Today I decided to write about the nature in my garden, reading @JonicaBradley's post I found that her theme suggested wild nature, so today I will tell you about my wild jungle.
My life runs in a very emotional way, in the mornings I am in my office taking care of the people who, although they are few, come to be scanned with my ultrasound equipment. Then in the afternoons my attention is for the plants in my jungle. I leave to attend to some forms of life and go to others, both bring me much satisfaction.
When I am in the jungle of my passions I dive so deep that I fly. Sometimes I spend so many hours at a time in my garden looking, mowing, cutting, setting aside, multitasking, that eventually I get a sunstroke, I've become dehydrated, and I haven't realized it until I step out of my jungle and into the house.
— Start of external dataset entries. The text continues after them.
lemma
  shows space_shift_coupling: "space (shift_coupling h r) = UNIV \<times> range r"
    and sets_shift_coupling [measurable_cong]: "sets (shift_coupling h r) = sets (lborel \<Otimes>\<^sub>M count_space (range r))"
  by (simp_all add: shift_coupling_def space_pair_measure)

lemma nn_integral_shift_coupling:
  assumes [measurable]: "\<And>j. h j \<in> borel_measurable borel"
    and [measurable]: "\<phi> \<in> borel_measurable (lborel \<Otimes>\<^sub>M count_space (range r))"
  shows "(\<integral>\<^sup>+z. \<phi> z \<partial>shift_coupling h r) = (\<Sum>j. \<integral>\<^sup>+x. h j x * \<phi> (x, r j) \<partial>lborel)"
proof -
  interpret shifts: sigma_finite_measure "count_space (range r)"
    by (rule sigma_finite_measure_count_space_countable) simp
  have [measurable]: "(\<lambda>q. indicator {r j} q :: ennreal) \<in> borel_measurable (count_space (range r))" for j
    by simp
  have inner: "(\<integral>\<^sup>+q. (\<Sum>j. h j x * indicator {r j} q) * \<phi> (x, q) \<partial>count_space (range r))
      = (\<Sum>j. h j x * \<phi> (x, r j))" for x
  proof -
    have "(\<integral>\<^sup>+q. (\<Sum>j. h j x * indicator {r j} q) * \<phi> (x, q) \<partial>count_space (range r))
        = (\<Sum>j. \<integral>\<^sup>+q. h j x * \<phi> (x, q) * indicator {r j} q \<partial>count_space (range r))"
      by (subst ennreal_suminf_multc[symmetric], subst nn_integral_suminf) (simp_all add: ac_simps)
    then show ?thesis
      by simp
  qed
  have "(\<integral>\<^sup>+z. \<phi> z \<partial>shift_coupling h r)
      = (\<integral>\<^sup>+z. (\<Sum>j. h j (fst z) * indicator {r j} (snd z)) * \<phi> z \<partial>(lborel \<Otimes>\<^sub>M count_space (range r)))"
    unfolding shift_coupling_def by (subst nn_integral_density) (auto simp: case_prod_beta')
  also have "\<dots> = (\<integral>\<^sup>+x. (\<Sum>j. h j x * \<phi> (x, r j)) \<partial>lborel)"
    by (simp flip: shifts.nn_integral_fst add: inner)
  also have "\<dots> = (\<Sum>j. \<integral>\<^sup>+x. h j x * \<phi> (x, r j) \<partial>lborel)"
    by (rule nn_integral_suminf) measurable
  finally show ?thesis .
qed

lemma borel_measurable_snd_count_space [measurable]:
  "snd \<in> borel_measurable (M \<Otimes>\<^sub>M count_space A)"
  by (rule measurable_compose[OF measurable_snd]) simp

lemma emeasure_distr_shift_coupling:
  assumes "\<And>j. h j \<in> borel_measurable borel"
    and [measurable]: "T \<in> borel_measurable (lborel \<Otimes>\<^sub>M count_space (range r))" "A \<in> sets borel"
  shows "emeasure (distr (shift_coupling h r) borel T) A
           = (\<Sum>j. \<integral>\<^sup>+x. h j x * indicator A (T (x, r j)) \<partial>lborel)"
proof -
  have "emeasure (distr (shift_coupling h r) borel T) A = (\<integral>\<^sup>+z. indicator A (T z) \<partial>shift_coupling h r)"
    by (simp flip: nn_integral_indicator add: nn_integral_distr)
  also have "\<dots> = (\<Sum>j. \<integral>\<^sup>+x. h j x * indicator A (T (x, r j)) \<partial>lborel)"
    by (rule nn_integral_shift_coupling[OF assms(1)]) measurable
  finally show ?thesis .
qed

lemma distr_fst_shift_coupling:
  assumes [measurable]: "\<And>j. h j \<in> borel_measurable borel"
  shows "distr (shift_coupling h r) borel fst = density lborel (\<lambda>x. \<Sum>j. h j x)"
proof (rule measure_eqI)
  fix A :: "real set"
  assume "A \<in> sets (distr (shift_coupling h r) borel fst)"
  then have [measurable]: "A \<in> sets borel"
    by simp
  have "emeasure (distr (shift_coupling h r) borel fst) A = (\<Sum>j. \<integral>\<^sup>+x. h j x * indicator A x \<partial>lborel)"
    by (simp add: emeasure_distr_shift_coupling)
  also have "\<dots> = emeasure (density lborel (\<lambda>x. \<Sum>j. h j x)) A"
    by (simp add: emeasure_density flip: nn_integral_suminf)
  finally show "emeasure (distr (shift_coupling h r) borel fst) A = emeasure (density lborel (\<lambda>x. \<Sum>j. h j x)) A" .
qed simp

lemma distr_diff_shift_coupling:
  assumes [measurable]: "\<And>j. h j \<in> borel_measurable borel"
  shows "distr (shift_coupling h r) borel (\<lambda>(x, q). x - q) = density lborel (\<lambda>y. \<Sum>j. h j (y + r j))"
proof (rule measure_eqI)
  fix A :: "real set"
  assume "A \<in> sets (distr (shift_coupling h r) borel (\<lambda>(x, q). x - q))"
  then have [measurable]: "A \<in> sets borel"
    by simp
  have [measurable]: "(\<lambda>(x, q). x - q) \<in> borel_measurable (lborel \<Otimes>\<^sub>M count_space (range r))"
    unfolding case_prod_beta' by measurable
  have "emeasure (distr (shift_coupling h r) borel (\<lambda>(x, q). x - q)) A
      = (\<Sum>j. \<integral>\<^sup>+x. h j x * indicator A (x - r j) \<partial>lborel)"
    by (simp add: emeasure_distr_shift_coupling)
  also have "\<dots> = (\<Sum>j. \<integral>\<^sup>+y. h j (y + r j) * indicator A y \<partial>lborel)"
  proof (rule suminf_cong)
    fix j
    show "(\<integral>\<^sup>+x. h j x * indicator A (x - r j) \<partial>lborel) = (\<integral>\<^sup>+y. h j (y + r j) * indicator A y \<partial>lborel)"
      using nn_integral_real_affine[of "\<lambda>x. h j x * indicator A (x - r j)" 1 "r j"]
      by (simp add: add.commute)
  qed
  also have "\<dots> = emeasure (density lborel (\<lambda>y. \<Sum>j. h j (y + r j))) A"
    by (simp add: emeasure_density flip: nn_integral_suminf)
  finally show "emeasure (distr (shift_coupling h r) borel (\<lambda>(x, q). x - q)) A
      = emeasure (density lborel (\<lambda>y. \<Sum>j. h j (y + r j))) A" .
qed simp

lemma shift_coupling_transported:
  fixes f g :: "real \<Rightarrow> ennreal" and r :: "nat \<Rightarrow> real"
  assumes [measurable]: "f \<in> borel_measurable borel" "g \<in> borel_measurable borel"
    and "\<And>x. f x \<noteq> \<infinity>"
    and "(\<integral>\<^sup>+x. f x \<partial>lborel) = (\<integral>\<^sup>+y. g y \<partial>lborel)" "(\<integral>\<^sup>+x. f x \<partial>lborel) \<noteq> \<infinity>"
    and "\<rat> \<subseteq> range r"
  defines "M \<equiv> shift_coupling (transported f g r) r"
  shows "distr M borel fst = density lborel f"
    and "distr M borel (\<lambda>(x, q). x - q) = density lborel g"
proof -
  have h [measurable]: "transported f g r j \<in> borel_measurable borel" for j
    by (rule borel_measurable_transported) measurable
  have "AE x in lborel. (\<Sum>j. transported f g r j x) = f x"
    and "AE y in lborel. (\<Sum>j. transported f g r j (y + r j)) = g y"
    using AE_eq_sum_transported[of f g r] assms by (auto elim: eventually_mono)
  then show "distr M borel fst = density lborel f"
    and "distr M borel (\<lambda>(x, q). x - q) = density lborel g"
    unfolding M_def distr_fst_shift_coupling[OF h] distr_diff_shift_coupling[OF h]
    by (auto intro!: density_cong)
qed

lemma (in sigma_finite_measure) Radon_Nikodym_finite_valued:
  assumes "absolutely_continuous M N" "sets N = sets M" "emeasure N (space N) \<noteq> \<infinity>"
  obtains f where "f \<in> borel_measurable M" "\<And>x. f x \<noteq> \<infinity>" "N = density M f"
proof -
  obtain f' where f' [measurable]: "f' \<in> borel_measurable M" and N: "N = density M f'"
    using Radon_Nikodym[OF assms(1,2)] by auto
  have "emeasure N (space N) = (\<integral>\<^sup>+x. f' x \<partial>M)"
    unfolding N by (simp add: emeasure_density)
  then have "AE x in M. f' x \<noteq> \<infinity>"
    using assms(3) by (intro nn_integral_PInf_AE) auto
  then have "AE x in M. f' x = (if f' x = \<infinity> then 0 else f' x)"
    by eventually_elim simp
  then have "N = density M (\<lambda>x. if f' x = \<infinity> then 0 else f' x)"
    unfolding N by (intro density_cong) auto
  then show thesis
    by (rule that[rotated 2]) auto
qed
I called my garden a jungle because I have plants of different sizes and it has happened that people come to my door and yell loudly to get my attention, since I’m inside my house, and of course as I am in the thick of my jungle they don't see me. Until I quietly answer them causing them a scare that I can't even tell them about.
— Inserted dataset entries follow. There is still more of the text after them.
(* Let $G_1,G_2$ be connected infinite graphs with vertex degrees uniformly bounded, which are quasi-isometric. If $G_2$ is weighted hyperfinite, then so is $G_1$.
   Context: $G_1$ and $G_2$ are quasi-isometric if there is a map $\iota:V(G_1)\to V(G_2)$ and a constant $c>0$ such that $c^{-1}d_{G_1}(x,y)-c\le d_{G_2}(\iota(x),\iota(y))\le c\,d_{G_1}(x,y)+c$ for all $x,y\in V(G_1)$, and every $z\in V(G_2)$ is within $d_{G_2}$-distance $c$ of $\iota(V(G_1))$; here $d_{G_i}$ are the graph (shortest path) metrics. A connected infinite bounded-degree graph $G$ is weighted hyperfinite if for every $\epsilon>0$ there is $K_\epsilon>0$ such that for every finite induced subgraph $L\subseteq G$ and every $w:V(L)\to[0,\infty)$ there is $M\subseteq V(L)$ with $\sum_{x\in M}w(x)\le\epsilon\sum_{x\in V(L)}w(x)$ such that every connected component of $L$ with $M$ deleted has at most $K_\epsilon$ vertices. *)

theory Defs
  imports Main "HOL-Library.Extended_Real" Complex_Main
begin

definition is_graph :: "'a set \<Rightarrow> ('a \<Rightarrow> 'a \<Rightarrow> bool) \<Rightarrow> bool" where
  "is_graph V E \<longleftrightarrow> (\<forall>x y. E x y \<longrightarrow> x \<in> V \<and> y \<in> V \<and> E y x) \<and> (\<forall>x. \<not> E x x)"

definition walk_in :: "'a set \<Rightarrow> ('a \<Rightarrow> 'a \<Rightarrow> bool) \<Rightarrow> 'a list \<Rightarrow> bool" where
  "walk_in S E xs \<longleftrightarrow> xs \<noteq> [] \<and> set xs \<subseteq> S \<and>
     (\<forall>i. Suc i < length xs \<longrightarrow> E (xs ! i) (xs ! Suc i))"

definition reach_in :: "'a set \<Rightarrow> ('a \<Rightarrow> 'a \<Rightarrow> bool) \<Rightarrow> 'a \<Rightarrow> 'a \<Rightarrow> bool" where
  "reach_in S E x y \<longleftrightarrow> (\<exists>xs. walk_in S E xs \<and> hd xs = x \<and> last xs = y)"

definition gdist :: "'a set \<Rightarrow> ('a \<Rightarrow> 'a \<Rightarrow> bool) \<Rightarrow> 'a \<Rightarrow> 'a \<Rightarrow> nat" where
  "gdist V E x y = (LEAST n. \<exists>xs. walk_in V E xs \<and> hd xs = x \<and> last xs = y \<and> length xs = Suc n)"

definition connected_graph :: "'a set \<Rightarrow> ('a \<Rightarrow> 'a \<Rightarrow> bool) \<Rightarrow> bool" where
  "connected_graph V E \<longleftrightarrow> (\<forall>x\<in>V. \<forall>y\<in>V. reach_in V E x y)"

definition bounded_degree :: "'a set \<Rightarrow> ('a \<Rightarrow> 'a \<Rightarrow> bool) \<Rightarrow> bool" where
  "bounded_degree V E \<longleftrightarrow> (\<exists>D::nat. \<forall>x\<in>V. finite {y. E x y} \<and> card {y. E x y} \<le> D)"

definition quasi_isometric ::
  "'a set \<Rightarrow> ('a \<Rightarrow> 'a \<Rightarrow> bool) \<Rightarrow> 'b set \<Rightarrow> ('b \<Rightarrow> 'b \<Rightarrow> bool) \<Rightarrow> bool" where
  "quasi_isometric V1 E1 V2 E2 \<longleftrightarrow>
    (\<exists>(\<iota>::'a \<Rightarrow> 'b) (c::real). c > 0 \<and> \<iota> ` V1 \<subseteq> V2 \<and>
      (\<forall>x\<in>V1. \<forall>y\<in>V1.
         real (gdist V1 E1 x y) / c - c \<le> real (gdist V2 E2 (\<iota> x) (\<iota> y)) \<and>
         real (gdist V2 E2 (\<iota> x) (\<iota> y)) \<le> c * real (gdist V1 E1 x y) + c) \<and>
      (\<forall>z\<in>V2. \<exists>x\<in>V1. real (gdist V2 E2 z (\<iota> x)) \<le> c))"

text \<open>Weighted hyperfiniteness: finite induced subgraphs are given by finite vertex sets
  L \<subseteq> V; the components of L with M deleted are the reachability classes inside L - M.\<close>
definition weighted_hyperfinite :: "'a set \<Rightarrow> ('a \<Rightarrow> 'a \<Rightarrow> bool) \<Rightarrow> bool" where
  "weighted_hyperfinite V E \<longleftrightarrow>
    (\<forall>\<epsilon>::real. \<epsilon> > 0 \<longrightarrow> (\<exists>K::real. K > 0 \<and>
      (\<forall>L w. finite L \<and> L \<subseteq> V \<and> (\<forall>x\<in>L. w x \<ge> (0::real)) \<longrightarrow>
        (\<exists>M\<subseteq>L. sum w M \<le> \<epsilon> * sum w L \<and>
           (\<forall>x\<in>L - M. real (card {y. reach_in (L - M) E x y}) \<le> K)))))"

end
I affectionately call my garden "my jungle" because it is full of plants, and when I spend many hours in it it seems that I was lost in the thick of the jungle.
My son used to come out of the house and, knowing that I have been dehydrated on several occasions, he would offer me a glass of cold water. Both he and I are water lovers, we like juice, from different fruits, but cold water has always been our passion. To the point that he never left home without bringing a cooler with cold water and I used to take mine with me to work.
Today we go shopping together and he immediately takes out my water bottle and his for the road.
Once in my jungle I spend happy moments thinking about the decorations I can make with the plants. I also transplant them to the delight of the customers who always come to buy my plants.
There was a time when my garden was plagued by snails. As a nature lover, I have never liked to attack the life forms in my garden, but snails and slugs I could not tolerate since in a single night they wiped out all the plants that I was able to maintain for months.
The snails would take over the succulents and move from one plant to the next consuming the leaves in pieces, then each plant looked like a cut up map and those plants I could no longer sell. They had to be restored, but while I was doing that the snails would come back and tear them apart.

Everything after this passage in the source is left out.